| Exercise directions |
Which of the lines in the listing that follows hold "argument"? Pull each one out.

☆ ☆ ☆ ☆ ☆

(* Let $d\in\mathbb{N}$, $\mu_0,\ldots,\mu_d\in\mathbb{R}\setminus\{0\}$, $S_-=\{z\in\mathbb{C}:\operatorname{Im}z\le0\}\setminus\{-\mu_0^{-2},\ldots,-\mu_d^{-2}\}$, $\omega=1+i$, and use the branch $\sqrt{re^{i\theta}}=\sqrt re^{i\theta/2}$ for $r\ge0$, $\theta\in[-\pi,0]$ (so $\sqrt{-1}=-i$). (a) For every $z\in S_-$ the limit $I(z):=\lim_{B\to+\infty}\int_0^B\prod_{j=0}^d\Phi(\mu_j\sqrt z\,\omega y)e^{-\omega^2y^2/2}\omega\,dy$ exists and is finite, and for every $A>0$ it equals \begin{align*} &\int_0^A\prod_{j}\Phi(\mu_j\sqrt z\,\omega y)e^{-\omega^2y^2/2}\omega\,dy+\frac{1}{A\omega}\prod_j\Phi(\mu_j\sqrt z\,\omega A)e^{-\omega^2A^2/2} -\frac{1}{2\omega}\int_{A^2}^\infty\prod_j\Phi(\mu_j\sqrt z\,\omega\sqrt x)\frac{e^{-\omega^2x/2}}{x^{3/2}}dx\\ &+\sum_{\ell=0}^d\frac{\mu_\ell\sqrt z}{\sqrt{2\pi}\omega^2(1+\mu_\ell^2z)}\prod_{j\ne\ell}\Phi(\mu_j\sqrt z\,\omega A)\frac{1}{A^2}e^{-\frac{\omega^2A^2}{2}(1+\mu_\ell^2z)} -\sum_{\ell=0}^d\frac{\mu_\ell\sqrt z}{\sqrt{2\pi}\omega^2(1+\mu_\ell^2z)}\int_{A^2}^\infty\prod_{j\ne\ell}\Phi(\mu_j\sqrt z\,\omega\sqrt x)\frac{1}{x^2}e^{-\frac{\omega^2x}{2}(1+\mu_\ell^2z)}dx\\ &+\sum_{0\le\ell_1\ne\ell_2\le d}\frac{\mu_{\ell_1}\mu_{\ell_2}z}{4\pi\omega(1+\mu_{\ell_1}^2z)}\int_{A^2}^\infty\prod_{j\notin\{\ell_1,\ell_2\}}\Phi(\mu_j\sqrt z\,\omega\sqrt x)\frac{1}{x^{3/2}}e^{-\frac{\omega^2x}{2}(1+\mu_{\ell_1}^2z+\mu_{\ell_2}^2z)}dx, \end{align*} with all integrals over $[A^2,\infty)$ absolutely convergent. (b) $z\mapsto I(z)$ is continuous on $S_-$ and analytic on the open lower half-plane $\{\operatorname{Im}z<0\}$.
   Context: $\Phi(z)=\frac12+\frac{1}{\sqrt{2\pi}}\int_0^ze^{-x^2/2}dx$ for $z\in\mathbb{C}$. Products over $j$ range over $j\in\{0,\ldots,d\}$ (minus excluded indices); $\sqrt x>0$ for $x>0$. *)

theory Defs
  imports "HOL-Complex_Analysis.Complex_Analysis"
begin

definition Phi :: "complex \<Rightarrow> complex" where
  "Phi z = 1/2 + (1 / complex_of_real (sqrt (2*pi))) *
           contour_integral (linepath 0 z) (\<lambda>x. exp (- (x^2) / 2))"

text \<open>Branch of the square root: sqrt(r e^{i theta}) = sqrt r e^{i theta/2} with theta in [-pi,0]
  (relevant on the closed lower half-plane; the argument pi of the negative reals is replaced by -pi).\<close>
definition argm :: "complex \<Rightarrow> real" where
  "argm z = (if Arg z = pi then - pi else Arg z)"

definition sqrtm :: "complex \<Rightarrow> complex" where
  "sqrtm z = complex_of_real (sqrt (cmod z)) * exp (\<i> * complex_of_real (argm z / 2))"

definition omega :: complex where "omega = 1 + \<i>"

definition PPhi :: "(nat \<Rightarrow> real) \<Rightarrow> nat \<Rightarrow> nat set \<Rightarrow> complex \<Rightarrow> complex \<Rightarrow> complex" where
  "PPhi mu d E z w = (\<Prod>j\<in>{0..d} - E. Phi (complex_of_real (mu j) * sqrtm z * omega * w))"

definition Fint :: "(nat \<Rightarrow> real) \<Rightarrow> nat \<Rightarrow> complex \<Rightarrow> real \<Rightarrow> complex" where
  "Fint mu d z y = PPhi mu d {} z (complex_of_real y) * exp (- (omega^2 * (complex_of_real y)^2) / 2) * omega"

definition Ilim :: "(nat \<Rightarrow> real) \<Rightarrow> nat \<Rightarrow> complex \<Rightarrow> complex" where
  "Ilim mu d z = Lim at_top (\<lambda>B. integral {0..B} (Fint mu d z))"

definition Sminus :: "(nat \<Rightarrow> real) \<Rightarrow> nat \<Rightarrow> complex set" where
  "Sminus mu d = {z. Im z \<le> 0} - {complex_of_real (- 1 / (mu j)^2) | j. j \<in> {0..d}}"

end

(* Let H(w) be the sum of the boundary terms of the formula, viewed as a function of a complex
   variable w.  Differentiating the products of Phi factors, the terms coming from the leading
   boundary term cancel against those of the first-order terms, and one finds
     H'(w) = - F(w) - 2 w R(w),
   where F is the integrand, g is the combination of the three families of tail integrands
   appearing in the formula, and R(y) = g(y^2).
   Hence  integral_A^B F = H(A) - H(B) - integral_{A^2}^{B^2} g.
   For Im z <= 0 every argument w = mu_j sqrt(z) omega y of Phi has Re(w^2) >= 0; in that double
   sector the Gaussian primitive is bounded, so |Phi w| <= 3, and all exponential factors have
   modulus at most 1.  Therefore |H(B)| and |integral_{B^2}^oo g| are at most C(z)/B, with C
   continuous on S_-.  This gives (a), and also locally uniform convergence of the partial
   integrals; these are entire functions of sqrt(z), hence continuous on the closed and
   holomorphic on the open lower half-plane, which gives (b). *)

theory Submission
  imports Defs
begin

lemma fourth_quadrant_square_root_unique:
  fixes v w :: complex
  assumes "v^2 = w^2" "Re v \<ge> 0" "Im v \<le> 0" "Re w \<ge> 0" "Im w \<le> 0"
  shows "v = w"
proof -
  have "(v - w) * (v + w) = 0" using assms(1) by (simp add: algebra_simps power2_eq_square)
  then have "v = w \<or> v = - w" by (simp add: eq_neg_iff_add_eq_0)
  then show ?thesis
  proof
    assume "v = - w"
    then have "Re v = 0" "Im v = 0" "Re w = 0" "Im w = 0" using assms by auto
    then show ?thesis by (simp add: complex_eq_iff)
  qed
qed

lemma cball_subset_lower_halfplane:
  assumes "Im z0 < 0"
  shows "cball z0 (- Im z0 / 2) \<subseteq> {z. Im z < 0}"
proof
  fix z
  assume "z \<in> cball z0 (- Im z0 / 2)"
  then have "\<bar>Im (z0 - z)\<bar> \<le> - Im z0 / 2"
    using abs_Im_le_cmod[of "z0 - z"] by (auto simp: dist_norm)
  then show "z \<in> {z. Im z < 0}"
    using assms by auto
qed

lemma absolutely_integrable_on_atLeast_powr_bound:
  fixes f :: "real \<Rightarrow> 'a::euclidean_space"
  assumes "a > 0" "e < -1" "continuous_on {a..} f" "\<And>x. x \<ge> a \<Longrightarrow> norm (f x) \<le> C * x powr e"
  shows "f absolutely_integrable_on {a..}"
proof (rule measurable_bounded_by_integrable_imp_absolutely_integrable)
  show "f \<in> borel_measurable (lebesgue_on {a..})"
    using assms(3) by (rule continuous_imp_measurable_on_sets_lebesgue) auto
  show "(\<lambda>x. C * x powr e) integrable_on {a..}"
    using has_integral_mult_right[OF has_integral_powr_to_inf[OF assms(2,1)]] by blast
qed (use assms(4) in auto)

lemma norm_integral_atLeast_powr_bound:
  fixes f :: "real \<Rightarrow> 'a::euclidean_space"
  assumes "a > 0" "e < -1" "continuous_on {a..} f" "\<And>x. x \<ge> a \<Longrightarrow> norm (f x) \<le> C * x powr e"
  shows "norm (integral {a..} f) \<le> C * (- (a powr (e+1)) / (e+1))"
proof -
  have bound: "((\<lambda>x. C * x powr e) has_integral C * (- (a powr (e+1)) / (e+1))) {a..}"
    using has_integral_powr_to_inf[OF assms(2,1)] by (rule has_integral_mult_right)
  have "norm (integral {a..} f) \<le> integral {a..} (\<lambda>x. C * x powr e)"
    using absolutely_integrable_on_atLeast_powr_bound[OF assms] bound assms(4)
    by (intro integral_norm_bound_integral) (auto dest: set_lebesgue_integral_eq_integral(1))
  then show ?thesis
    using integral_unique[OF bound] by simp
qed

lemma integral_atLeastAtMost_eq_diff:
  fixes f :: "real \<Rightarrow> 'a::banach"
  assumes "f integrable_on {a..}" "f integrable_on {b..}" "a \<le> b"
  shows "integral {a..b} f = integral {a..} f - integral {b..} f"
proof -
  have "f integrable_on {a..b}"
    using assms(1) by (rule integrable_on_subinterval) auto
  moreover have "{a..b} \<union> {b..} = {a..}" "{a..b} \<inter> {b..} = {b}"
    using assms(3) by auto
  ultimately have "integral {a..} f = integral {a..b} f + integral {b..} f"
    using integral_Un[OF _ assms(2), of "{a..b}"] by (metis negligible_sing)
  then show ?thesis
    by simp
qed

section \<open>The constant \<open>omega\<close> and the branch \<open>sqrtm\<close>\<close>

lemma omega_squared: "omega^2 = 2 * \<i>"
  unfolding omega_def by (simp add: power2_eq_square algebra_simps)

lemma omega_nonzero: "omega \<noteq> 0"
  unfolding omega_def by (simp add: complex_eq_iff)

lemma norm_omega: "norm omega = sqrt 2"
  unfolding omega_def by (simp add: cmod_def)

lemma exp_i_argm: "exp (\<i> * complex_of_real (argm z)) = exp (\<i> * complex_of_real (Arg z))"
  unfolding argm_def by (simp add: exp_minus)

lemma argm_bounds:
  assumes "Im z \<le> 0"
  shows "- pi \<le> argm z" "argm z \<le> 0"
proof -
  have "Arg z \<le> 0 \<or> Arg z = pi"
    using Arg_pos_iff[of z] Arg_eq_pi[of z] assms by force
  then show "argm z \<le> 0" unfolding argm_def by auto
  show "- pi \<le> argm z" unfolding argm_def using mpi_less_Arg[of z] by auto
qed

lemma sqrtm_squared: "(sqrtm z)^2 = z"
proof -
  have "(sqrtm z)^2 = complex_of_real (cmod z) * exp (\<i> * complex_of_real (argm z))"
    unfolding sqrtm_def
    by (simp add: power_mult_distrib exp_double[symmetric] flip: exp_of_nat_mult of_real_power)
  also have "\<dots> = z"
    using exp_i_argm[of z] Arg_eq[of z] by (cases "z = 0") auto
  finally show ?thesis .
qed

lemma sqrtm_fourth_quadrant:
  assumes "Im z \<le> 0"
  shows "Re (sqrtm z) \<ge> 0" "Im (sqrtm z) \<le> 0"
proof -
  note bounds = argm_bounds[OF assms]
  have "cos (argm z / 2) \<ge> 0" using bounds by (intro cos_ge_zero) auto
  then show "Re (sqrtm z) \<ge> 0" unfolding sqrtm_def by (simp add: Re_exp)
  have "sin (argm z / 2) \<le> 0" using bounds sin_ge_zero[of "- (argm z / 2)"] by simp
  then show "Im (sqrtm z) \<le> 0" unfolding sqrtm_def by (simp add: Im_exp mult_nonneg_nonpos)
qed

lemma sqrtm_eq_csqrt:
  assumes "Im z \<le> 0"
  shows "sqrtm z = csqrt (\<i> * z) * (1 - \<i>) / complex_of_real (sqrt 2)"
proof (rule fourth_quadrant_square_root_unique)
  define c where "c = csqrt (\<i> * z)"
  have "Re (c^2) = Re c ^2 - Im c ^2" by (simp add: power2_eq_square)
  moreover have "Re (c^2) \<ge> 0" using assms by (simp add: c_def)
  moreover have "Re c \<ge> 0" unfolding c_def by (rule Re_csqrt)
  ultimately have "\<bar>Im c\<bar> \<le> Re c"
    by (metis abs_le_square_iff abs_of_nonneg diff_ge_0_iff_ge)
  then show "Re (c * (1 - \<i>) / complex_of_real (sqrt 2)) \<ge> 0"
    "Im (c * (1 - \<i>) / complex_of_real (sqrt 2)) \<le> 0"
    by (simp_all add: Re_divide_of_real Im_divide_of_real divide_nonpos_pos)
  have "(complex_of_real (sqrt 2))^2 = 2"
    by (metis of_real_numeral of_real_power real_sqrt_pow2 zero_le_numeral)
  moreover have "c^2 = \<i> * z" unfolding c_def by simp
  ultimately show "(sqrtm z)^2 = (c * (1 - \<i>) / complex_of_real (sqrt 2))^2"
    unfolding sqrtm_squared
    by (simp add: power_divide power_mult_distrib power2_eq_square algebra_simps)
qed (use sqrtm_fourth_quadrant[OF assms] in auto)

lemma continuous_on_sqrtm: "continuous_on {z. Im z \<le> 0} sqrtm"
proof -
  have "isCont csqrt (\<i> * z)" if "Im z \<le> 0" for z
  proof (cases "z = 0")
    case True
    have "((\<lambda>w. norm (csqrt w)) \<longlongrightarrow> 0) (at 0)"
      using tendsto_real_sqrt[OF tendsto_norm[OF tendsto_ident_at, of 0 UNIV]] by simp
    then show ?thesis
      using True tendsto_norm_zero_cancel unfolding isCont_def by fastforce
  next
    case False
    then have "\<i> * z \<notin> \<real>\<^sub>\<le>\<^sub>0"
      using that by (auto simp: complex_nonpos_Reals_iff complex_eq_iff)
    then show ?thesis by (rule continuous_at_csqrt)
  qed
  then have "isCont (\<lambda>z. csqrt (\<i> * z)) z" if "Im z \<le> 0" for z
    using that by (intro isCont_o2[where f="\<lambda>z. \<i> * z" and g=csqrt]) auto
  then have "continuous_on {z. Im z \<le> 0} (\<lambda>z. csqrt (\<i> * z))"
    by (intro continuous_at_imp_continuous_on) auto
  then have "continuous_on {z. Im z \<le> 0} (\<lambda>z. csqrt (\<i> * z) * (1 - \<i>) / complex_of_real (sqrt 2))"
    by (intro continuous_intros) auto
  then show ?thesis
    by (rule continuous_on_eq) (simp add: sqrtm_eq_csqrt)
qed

☆ ☆ ☆ ☆ ☆

| Written response |
  (relevant on the closed lower half-plane; the argument pi of the negative reals is replaced by -pi).\<close>
   For Im z <= 0 every argument w = mu_j sqrt(z) omega y of Phi has Re(w^2) >= 0; in that double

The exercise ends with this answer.